WHAT YOU SHOULD DO: Keep every line of the data below that has the string "rule" and present those lines.

------ INFORMATION SUPPLIED

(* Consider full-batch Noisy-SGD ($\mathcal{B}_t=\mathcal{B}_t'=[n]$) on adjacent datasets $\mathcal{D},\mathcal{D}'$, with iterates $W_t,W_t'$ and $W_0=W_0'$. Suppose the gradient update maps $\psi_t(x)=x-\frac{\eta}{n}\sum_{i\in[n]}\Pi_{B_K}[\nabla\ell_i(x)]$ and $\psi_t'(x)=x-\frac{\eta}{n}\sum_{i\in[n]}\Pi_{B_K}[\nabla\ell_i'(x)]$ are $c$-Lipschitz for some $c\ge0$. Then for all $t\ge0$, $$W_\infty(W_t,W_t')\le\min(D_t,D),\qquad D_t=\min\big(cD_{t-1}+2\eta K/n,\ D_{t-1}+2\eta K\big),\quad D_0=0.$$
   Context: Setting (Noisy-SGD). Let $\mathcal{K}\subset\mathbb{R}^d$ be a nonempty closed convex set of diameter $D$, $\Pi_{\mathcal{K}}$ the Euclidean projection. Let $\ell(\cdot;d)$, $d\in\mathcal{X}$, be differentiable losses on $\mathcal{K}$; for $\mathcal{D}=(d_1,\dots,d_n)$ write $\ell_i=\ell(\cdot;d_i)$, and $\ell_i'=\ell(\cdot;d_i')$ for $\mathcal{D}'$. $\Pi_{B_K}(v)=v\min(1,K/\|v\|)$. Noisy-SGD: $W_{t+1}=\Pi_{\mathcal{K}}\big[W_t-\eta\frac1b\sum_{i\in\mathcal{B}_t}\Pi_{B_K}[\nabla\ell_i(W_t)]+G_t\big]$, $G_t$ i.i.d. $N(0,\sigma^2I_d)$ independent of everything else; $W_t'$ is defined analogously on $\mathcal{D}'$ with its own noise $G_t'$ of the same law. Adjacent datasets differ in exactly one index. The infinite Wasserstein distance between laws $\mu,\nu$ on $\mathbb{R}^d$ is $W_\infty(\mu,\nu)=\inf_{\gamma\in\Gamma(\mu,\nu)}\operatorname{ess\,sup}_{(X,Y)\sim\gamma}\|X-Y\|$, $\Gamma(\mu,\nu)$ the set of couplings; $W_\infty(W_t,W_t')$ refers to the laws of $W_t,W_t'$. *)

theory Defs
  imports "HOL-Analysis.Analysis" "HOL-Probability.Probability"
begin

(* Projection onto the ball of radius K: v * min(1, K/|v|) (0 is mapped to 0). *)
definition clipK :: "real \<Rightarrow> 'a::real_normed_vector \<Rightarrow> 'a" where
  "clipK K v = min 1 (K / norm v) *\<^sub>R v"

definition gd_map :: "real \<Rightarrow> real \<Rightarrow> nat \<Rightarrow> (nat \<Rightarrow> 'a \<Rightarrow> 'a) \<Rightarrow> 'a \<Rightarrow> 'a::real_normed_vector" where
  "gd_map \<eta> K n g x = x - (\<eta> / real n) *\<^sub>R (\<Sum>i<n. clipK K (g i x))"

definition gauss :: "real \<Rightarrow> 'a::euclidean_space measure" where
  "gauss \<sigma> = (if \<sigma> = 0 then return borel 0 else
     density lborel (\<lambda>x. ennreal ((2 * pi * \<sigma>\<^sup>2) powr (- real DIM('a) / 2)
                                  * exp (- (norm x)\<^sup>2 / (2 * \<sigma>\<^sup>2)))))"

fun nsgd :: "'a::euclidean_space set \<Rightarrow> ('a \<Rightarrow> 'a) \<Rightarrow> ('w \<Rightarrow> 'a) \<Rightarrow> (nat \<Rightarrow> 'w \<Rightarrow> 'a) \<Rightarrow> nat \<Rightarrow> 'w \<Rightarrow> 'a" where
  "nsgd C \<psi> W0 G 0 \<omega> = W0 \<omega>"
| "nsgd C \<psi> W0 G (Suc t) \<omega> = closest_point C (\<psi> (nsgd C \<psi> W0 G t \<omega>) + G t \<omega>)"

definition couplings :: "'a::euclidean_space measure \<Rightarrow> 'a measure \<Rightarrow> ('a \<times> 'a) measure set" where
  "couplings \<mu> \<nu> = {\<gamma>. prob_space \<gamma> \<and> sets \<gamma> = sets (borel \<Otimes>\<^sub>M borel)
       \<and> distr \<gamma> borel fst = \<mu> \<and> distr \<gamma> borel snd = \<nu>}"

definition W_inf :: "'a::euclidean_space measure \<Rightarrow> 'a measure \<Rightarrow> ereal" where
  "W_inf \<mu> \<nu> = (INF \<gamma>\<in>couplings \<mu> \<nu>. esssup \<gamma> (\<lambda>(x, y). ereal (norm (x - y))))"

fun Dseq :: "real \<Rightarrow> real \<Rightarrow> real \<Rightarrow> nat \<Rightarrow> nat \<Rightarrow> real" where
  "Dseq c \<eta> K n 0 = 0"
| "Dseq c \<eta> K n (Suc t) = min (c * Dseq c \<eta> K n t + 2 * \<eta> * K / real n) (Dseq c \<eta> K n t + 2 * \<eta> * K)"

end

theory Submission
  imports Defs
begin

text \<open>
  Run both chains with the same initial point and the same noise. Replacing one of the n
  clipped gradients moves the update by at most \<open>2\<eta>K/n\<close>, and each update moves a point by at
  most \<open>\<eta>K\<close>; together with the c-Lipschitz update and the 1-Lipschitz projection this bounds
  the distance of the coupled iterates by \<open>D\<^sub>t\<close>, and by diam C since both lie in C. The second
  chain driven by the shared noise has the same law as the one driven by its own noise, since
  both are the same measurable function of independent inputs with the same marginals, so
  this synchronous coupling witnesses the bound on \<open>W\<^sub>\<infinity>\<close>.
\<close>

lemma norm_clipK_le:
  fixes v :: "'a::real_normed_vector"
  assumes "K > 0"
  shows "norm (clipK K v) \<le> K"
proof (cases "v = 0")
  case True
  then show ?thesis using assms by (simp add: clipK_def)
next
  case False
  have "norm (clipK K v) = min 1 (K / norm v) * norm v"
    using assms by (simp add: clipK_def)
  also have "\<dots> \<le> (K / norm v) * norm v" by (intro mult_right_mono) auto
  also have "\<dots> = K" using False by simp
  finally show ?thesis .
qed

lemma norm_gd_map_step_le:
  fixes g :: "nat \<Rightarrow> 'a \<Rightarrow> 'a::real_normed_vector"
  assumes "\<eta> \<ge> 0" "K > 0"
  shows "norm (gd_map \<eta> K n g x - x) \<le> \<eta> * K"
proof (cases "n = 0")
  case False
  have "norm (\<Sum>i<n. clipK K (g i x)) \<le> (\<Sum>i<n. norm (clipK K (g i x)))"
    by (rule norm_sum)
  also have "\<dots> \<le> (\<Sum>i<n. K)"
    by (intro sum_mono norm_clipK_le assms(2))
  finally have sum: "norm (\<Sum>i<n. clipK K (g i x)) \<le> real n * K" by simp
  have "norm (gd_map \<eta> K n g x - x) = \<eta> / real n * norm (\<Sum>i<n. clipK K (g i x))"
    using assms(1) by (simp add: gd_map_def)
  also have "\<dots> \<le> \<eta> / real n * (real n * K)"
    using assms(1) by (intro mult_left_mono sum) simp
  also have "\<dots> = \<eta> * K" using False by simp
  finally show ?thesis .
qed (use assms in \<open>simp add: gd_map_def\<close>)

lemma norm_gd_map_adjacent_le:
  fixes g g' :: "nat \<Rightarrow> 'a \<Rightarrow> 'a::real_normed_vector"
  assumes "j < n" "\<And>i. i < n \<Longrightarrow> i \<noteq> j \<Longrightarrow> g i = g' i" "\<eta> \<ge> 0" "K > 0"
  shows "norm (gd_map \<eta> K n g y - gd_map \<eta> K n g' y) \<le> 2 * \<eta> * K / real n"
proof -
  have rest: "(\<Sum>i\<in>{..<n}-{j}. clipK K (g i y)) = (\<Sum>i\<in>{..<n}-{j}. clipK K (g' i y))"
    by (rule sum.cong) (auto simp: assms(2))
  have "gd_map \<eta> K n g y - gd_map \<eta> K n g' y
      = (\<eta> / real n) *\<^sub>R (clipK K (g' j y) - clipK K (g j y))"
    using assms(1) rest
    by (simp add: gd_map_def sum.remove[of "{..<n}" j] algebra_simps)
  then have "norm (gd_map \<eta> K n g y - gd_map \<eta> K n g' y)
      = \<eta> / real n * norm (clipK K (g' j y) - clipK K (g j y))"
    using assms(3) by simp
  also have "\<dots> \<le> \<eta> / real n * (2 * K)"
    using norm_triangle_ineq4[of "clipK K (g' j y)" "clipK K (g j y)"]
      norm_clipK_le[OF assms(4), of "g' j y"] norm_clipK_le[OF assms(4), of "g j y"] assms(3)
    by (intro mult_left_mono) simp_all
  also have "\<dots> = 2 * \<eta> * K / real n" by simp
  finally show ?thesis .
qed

------------

SOLVED PROBLEM:
    by (rule norm_sum)
    by (rule sum.cong) (auto simp: assms(2))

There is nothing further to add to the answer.